The $L^p$ limit of characteristic functions is a characteristic function.

Question

Let $(X,\mathcal{A},\mu)$ a measurable space where $X$ is a set, $\mathcal{A}$ is a $\sigma$-álgebra and $\mu:\mathcal{A}\rightarrow[0,\infty]$ is a measure. Let $(\chi_{E_{n}})$ be a sequence of characteristic functions; this is
$$\chi_{E_{n}}(x)=\begin{cases}
0,&x\notin E_n,\\
1, &x\in E_n.
\end{cases}$$
where $E_n\in \mathcal{A}$. Suppose that the sequence $(\chi_{E_{n}})$ is a Cauchy sequence in $L^p(X,\mathcal{A},\mu)$; that is given $\epsilon>0$ exists $n_0\in \mathbb{N}$ such that
$$\|\chi_{E_n}-\chi_{E_{n}} \|_p=\left(\int|\chi_{E_{n}}-\chi_{E_{m}}|^pd\mu\right)^{1/p}<\epsilon,\,\forall n\geq n_0.$$
I would like to probe that exists a function $f\in L^p$ such that $f=\chi_{E}$ where $E\in \mathcal{A}$ such that the sequence $(\chi_{E_{n}})$ converges to $f$ in $L_p$; that is, given $\varepsilon>0$ exists $n_1>0$ such that
$$\|\chi_{E_{n}}-f\|_p<\varepsilon,\,\forall n\geq n_1.$$
My attempt: I think the function is $f=\chi_{E}$ where
$$E=\bigcup_{m=1}^{\infty}\left(\bigcap_{k=m}^{\infty}E_k\right).$$
The reason I believe it is that the identity
$$|\chi_{E_{n}}-\chi_{E_{m}}|=\chi_{E_{n}\triangle E_{m}}$$
where $E_{n}\triangle E_{m}=E_n\backslash E_m\cup E_m\backslash E_n$ together with the Cauchy property implies that
$$\mu(E_{n}\triangle E_{m})<\epsilon$$
So my reasoning tells me that the "substance" of the functions is in their intersection.

Answer 1

Let $f$ be the limit of $\chi_{E_n}$ in $L^p$. All you have to do is show that $f(x) = 0$ or $f(x) = 1$ almost everywhere.

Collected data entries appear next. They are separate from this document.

(* Let $K=\{p\in\mathbb{R}^3:0\le p_3\le\theta(p_1,p_2)\}$ and, for $p^{pr}\in K$, let $N_K(p^{pr})=\{z\in\mathbb{R}^3:\langle z,q-p^{pr}\rangle\le0\ \forall q\in K\}$ be the normal cone. Then: (i) if $p^{pr}\in\{(p_1,p_2,p_3):0<p_3<\theta(p_1,p_2)\}$, then $N_K(p^{pr})=\{0\}$; (ii) if $p^{pr}\in(0,\infty)\times(0,\infty)\times\{0\}$, then $N_K(p^{pr})=\{0\}\times\{0\}\times(-\infty,0]$; (iii) if $p^{pr}=(p^{pr}_1,0,0)$ with $p^{pr}_1>0$, then $N_K(p^{pr})=\{0\}\times(-\infty,0]\times(-\infty,0]\ \cup\ \{(0,q_2,q_3)\in\{0\}\times(-\infty,0]\times(0,\infty):(0,-q_2/q_3)\in\partial^+\theta(p^{pr}_1,0)\}$; moreover $(0,q)\in\partial^+\theta(p^{pr}_1,0)$ is equivalent to $q\ge\lim_{z\searrow0}\partial_2\theta(p^{pr}_1,z)$, and $\partial^+\theta(p^{pr}_1,0)$ is empty if this limit equals $+\infty$; the analogous representation holds for $p^{pr}=(0,p^{pr}_2,0)$ with $p^{pr}_2>0$; (iv) if $p^{pr}=(0,0,0)$, then $N_K(p^{pr})=(-\infty,0]^3\cup\{(q_1,q_2,q_3)\in(-\infty,0]\times(-\infty,0]\times(0,\infty):(q_1/q_3,q_2/q_3)\in-\partial^+\theta(0)\}$; (v) if $p^{pr}=(p^{pr}_1,p^{pr}_2,\theta(p^{pr}_1,p^{pr}_2))$ with $(p^{pr}_1,p^{pr}_2)\in(0,\infty)^2$, then $N_K(p^{pr})=\{\lambda(-\partial_1\theta(p^{pr}_1,p^{pr}_2),-\partial_2\theta(p^{pr}_1,p^{pr}_2),1):\lambda>0\}$.
   Context: $\theta:[0,\infty)^2\to[0,\infty)$ is continuous, concave, 1-homogeneous, symmetric, $C^\infty$ on $(0,\infty)^2$, with $\theta(0,s)=\theta(s,0)=0$, $\theta(s,s)=s$, $\theta(s,t)>0$ for $s,t>0$, and nondecreasing in each argument; it is regarded as a concave function $\mathbb{R}^2\to\mathbb{R}\cup\{-\infty\}$ by setting $\theta(s,t)=-\infty$ if $\min\{s,t\}<0$. The super-differential of $\theta$ at $x\in\mathbb{R}^2$ is $\partial^+\theta(x)=-\partial(-\theta)(x)$, where $\partial(-\theta)(x)$ is the convex subdifferential of $-\theta$ at $x$; equivalently $\partial^+\theta(x)=\{r\in\mathbb{R}^2:\theta(y)\le\theta(x)+\langle r,y-x\rangle\ \forall y\in\mathbb{R}^2\}$. *)

theory Defs
  imports "HOL-Analysis.Analysis"
begin

definition quadrant :: "(real \<times> real) set" where
  "quadrant = {0..} \<times> {0..}"

definition open_quadrant :: "(real \<times> real) set" where
  "open_quadrant = {0<..} \<times> {0<..}"

text \<open>C^k regularity of a function of two real variables on a set S (intended: S open),
  via continuity and existence of C^(k-1) partial derivatives (Frechet differentiability).\<close>
fun Ck_on :: "nat \<Rightarrow> (real \<times> real \<Rightarrow> real) \<Rightarrow> (real \<times> real) set \<Rightarrow> bool" where
  "Ck_on 0 f S = continuous_on S f"
| "Ck_on (Suc n) f S =
     (\<exists>g1 g2. (\<forall>x\<in>S. (f has_derivative (\<lambda>h. g1 x * fst h + g2 x * snd h)) (at x))
              \<and> Ck_on n g1 S \<and> Ck_on n g2 S)"

definition smooth_on2 :: "(real \<times> real \<Rightarrow> real) \<Rightarrow> (real \<times> real) set \<Rightarrow> bool" where
  "smooth_on2 f S = (\<forall>n. Ck_on n f S)"

text \<open>theta regarded as a concave function R^2 -> R \<union> {-\<infinity>}.\<close>
definition theta_ext :: "(real \<Rightarrow> real \<Rightarrow> real) \<Rightarrow> real \<times> real \<Rightarrow> ereal" where
  "theta_ext th x = (if fst x \<ge> 0 \<and> snd x \<ge> 0 then ereal (th (fst x) (snd x)) else -\<infinity>)"

definition superdiff :: "(real \<times> real \<Rightarrow> ereal) \<Rightarrow> real \<times> real \<Rightarrow> (real \<times> real) set" where
  "superdiff g x = {r. \<forall>y. g y \<le> g x + ereal (r \<bullet> (y - x))}"

definition normal_cone :: "'a::real_inner set \<Rightarrow> 'a \<Rightarrow> 'a set" where
  "normal_cone K p = {z. \<forall>q\<in>K. z \<bullet> (q - p) \<le> 0}"

definition Kset :: "(real \<Rightarrow> real \<Rightarrow> real) \<Rightarrow> (real \<times> real \<times> real) set" where
  "Kset th = {(p1, p2, p3). p1 \<ge> 0 \<and> p2 \<ge> 0 \<and> 0 \<le> p3 \<and> p3 \<le> th p1 p2}"

end

theory Submission
  imports Defs
begin

text \<open>Since the fibre of K over (s, t) is the segment [0, \<theta>(s, t)], a vector z is normal to K at p
  iff the affine function z \<bullet> (q - p) is nonpositive at both endpoints of every fibre. At the
  bottom face this reduces to a normal-cone condition for the quadrant; where \<theta> vanishes the
  upper endpoints turn it into the super-differential inequality for \<theta>; in the interior of the
  top face the maximum principle forces z to be a nonnegative multiple of (-\<nabla>\<theta>, 1). On an edge
  (p1, 0), homogeneity reduces the super-differential to the slopes \<theta>(p1, z) / z, and concavity
  makes \<partial>\<theta>(p1, z)/\<partial>z increase to their supremum as z decreases to 0. The edge (0, p2) follows
  by the symmetry of \<theta>.\<close>

lemma concave_on_le_linearization:
  fixes F :: "'a::real_normed_vector \<Rightarrow> real"
  assumes conc: "concave_on S F" and x: "x \<in> S" and y: "y \<in> S"
    and der: "(F has_derivative D) (at x)"
  shows "F y \<le> F x + D (y - x)"
proof -
  define psi where "psi = (\<lambda>l::real. F (x + l *\<^sub>R (y - x)))"
  have "((\<lambda>l::real. x + l *\<^sub>R (y - x)) has_derivative (\<lambda>h. h *\<^sub>R (y - x))) (at 0)"
    by (auto intro!: derivative_eq_intros)
  from has_derivative_compose[OF this] der
  have "(psi has_derivative (\<lambda>h. D (h *\<^sub>R (y - x)))) (at 0)"
    by (simp add: psi_def o_def)
  moreover have "(\<lambda>h. D (h *\<^sub>R (y - x))) = (\<lambda>h. D (y - x) * h)"
    using has_derivative_linear[OF der] by (auto simp: linear_scale)
  ultimately have "(psi has_field_derivative D (y - x)) (at 0)"
    by (simp add: has_field_derivative_def)
  hence lim: "((\<lambda>l. (psi l - psi 0) / (l - 0)) \<longlongrightarrow> D (y - x)) (at_right 0)"
    unfolding has_field_derivative_iff by (blast intro: tendsto_mono at_le)
  have "eventually (\<lambda>l. l \<in> {0<..<1}) (at_right (0::real))"
    by (rule eventually_at_right_real) simp
  hence "eventually (\<lambda>l. F y - F x \<le> (psi l - psi 0) / (l - 0)) (at_right 0)"
  proof eventually_elim
    case (elim l)
    have "x + l *\<^sub>R (y - x) = (1 - l) *\<^sub>R x + l *\<^sub>R y" by (simp add: algebra_simps)
    hence "psi l \<ge> (1 - l) * F x + l * F y"
      unfolding psi_def using concave_onD[OF conc, of l x y] elim x y by auto
    hence "psi l - psi 0 \<ge> l * (F y - F x)" by (simp add: psi_def algebra_simps)
    thus ?case using elim by (simp add: field_simps)
  qed
  from tendsto_lowerbound[OF lim this] show ?thesis by simp
qed

text \<open>The tangent at z, evaluated at 0 and at w > z, squeezes its slope between
  (\<phi> w - \<phi> z) / (w - z) and \<phi> z / z.\<close>

lemma tangent_slopes_tendsto_SUP:
  fixes phi d :: "real \<Rightarrow> real"
  assumes tangent: "\<And>z y. z > 0 \<Longrightarrow> y \<ge> 0 \<Longrightarrow> phi y \<le> phi z + d z * (y - z)"
    and lim0: "(phi \<longlongrightarrow> 0) (at_right 0)" and phi0: "phi 0 = 0"
  shows "((\<lambda>z. ereal (d z)) \<longlongrightarrow> (SUP z\<in>{0<..}. ereal (phi z / z))) (at_right 0)"
proof (rule order_tendstoI)
  fix a assume a: "a > (SUP z\<in>{0<..}. ereal (phi z / z))"
  have "eventually (\<lambda>z. z > 0) (at_right (0::real))"
    by (simp add: eventually_at_right_less)
  thus "eventually (\<lambda>z. ereal (d z) < a) (at_right 0)"
  proof eventually_elim
    case (elim z)
    have "d z * z \<le> phi z" using tangent[OF elim, of 0] phi0 by simp
    hence "ereal (d z) \<le> ereal (phi z / z)" using elim by (simp add: field_simps)
    also have "\<dots> \<le> (SUP z\<in>{0<..}. ereal (phi z / z))" using elim by (intro SUP_upper) auto
    finally show ?case using a by simp
  qed
next
  fix a assume "a < (SUP z\<in>{0<..}. ereal (phi z / z))"
  then obtain w where w: "w > 0" "a < ereal (phi w / w)"
    unfolding less_SUP_iff by auto
  show "eventually (\<lambda>z. a < ereal (d z)) (at_right 0)"
  proof (cases a)
    case (real a')
    have "((\<lambda>z. (phi w - phi z) / (w - z)) \<longlongrightarrow> (phi w - 0) / (w - 0)) (at_right 0)"
      using w by (intro tendsto_intros lim0) auto
    hence "eventually (\<lambda>z. a' < (phi w - phi z) / (w - z)) (at_right 0)"
      using w real by (intro order_tendstoD) auto
    moreover have "eventually (\<lambda>z. z \<in> {0<..<w}) (at_right (0::real))"
      by (rule eventually_at_right_real) (use w in simp)
    ultimately show ?thesis
    proof eventually_elim
      case (elim z)
      have "phi w \<le> phi z + d z * (w - z)" using tangent[of z w] elim by simp
      hence "(phi w - phi z) / (w - z) \<le> d z" using elim by (simp add: field_simps)
      thus ?case using elim real by simp
    qed
  qed (use w in simp_all)
qed

lemma has_derivative_partials:
  fixes f :: "real \<times> real \<Rightarrow> real"
  assumes "(f has_derivative (\<lambda>h. a * fst h + b * snd h)) (at (x, y))"
  shows "((\<lambda>s. f (s, y)) has_real_derivative a) (at x)"
    and "((\<lambda>t. f (x, t)) has_real_derivative b) (at y)"
proof -
  have "((\<lambda>s. (s, y)) has_derivative (\<lambda>h. (h, 0))) (at x)"
    by (auto intro!: derivative_eq_intros)
  from has_derivative_compose[OF this assms]
  show "((\<lambda>s. f (s, y)) has_real_derivative a) (at x)"
    by (simp add: o_def has_field_derivative_def)
  have "((\<lambda>t. (x, t)) has_derivative (\<lambda>h. (0, h))) (at y)"
    by (auto intro!: derivative_eq_intros)
  from has_derivative_compose[OF this assms]
  show "((\<lambda>t. f (x, t)) has_real_derivative b) (at y)"
    by (simp add: o_def has_field_derivative_def)
qed

lemma smooth_on2_has_derivative:
  assumes "smooth_on2 f S" and "(x, y) \<in> S"
  shows "(f has_derivative
           (\<lambda>h. deriv (\<lambda>s. f (s, y)) x * fst h + deriv (\<lambda>t. f (x, t)) y * snd h)) (at (x, y))"
proof -
  have "Ck_on (Suc 0) f S" using assms(1) unfolding smooth_on2_def by blast
  then obtain g1 g2 where
    "(f has_derivative (\<lambda>h. g1 (x, y) * fst h + g2 (x, y) * snd h)) (at (x, y))"
    using assms(2) by auto
  moreover from has_derivative_partials[OF this]
  have "deriv (\<lambda>s. f (s, y)) x = g1 (x, y)" "deriv (\<lambda>t. f (x, t)) y = g2 (x, y)"
    by (simp_all add: DERIV_imp_deriv)
  ultimately show ?thesis by simp
qed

Then we see that $f = \chi_E$ almost everywhere, where $E = \{x \in X | f(x) = 1\}$

To do this, it is helpful to define $g(x) = \min(|x - 1|, |x|)$. We will show that $g \circ f = 0$ almost everywhere.

We first show that $\int g(f(x))^p \; dx = 0$. Since $g(f(x))^p \geq 0$, it suffices to show that the integral is not positive. Indeed, consider an arbitrary $\epsilon > 0$, and takesome $n$ such that $\int |\chi_{E_n} - f|^p dx < \epsilon$. Then we note that $|\chi_{E_n}(x) - f(x)| \geq \min(|f(x) - 1|, |f(x)|) = g(f(x))$. Then we see that $\int g(f(x))^p \; dx \leq \int |\chi_{E_n}(x) - f(x)|^p dx < \epsilon$. This shows $\int g(f(x))^p \; dx = 0$.

Since $g(f(x))^p \geq 0$ for all $x$, this means that $g(f(x))^p$ is 0 almost everywhere; thus, $g \circ f$ is zero almost everywhere.

Since $g \circ f = 0$ almost everywhere, we see that $f(x) = \chi_{E}$ almost everywhere, where $E$ is defined as $\{x \in X| f(x) = 1\}$.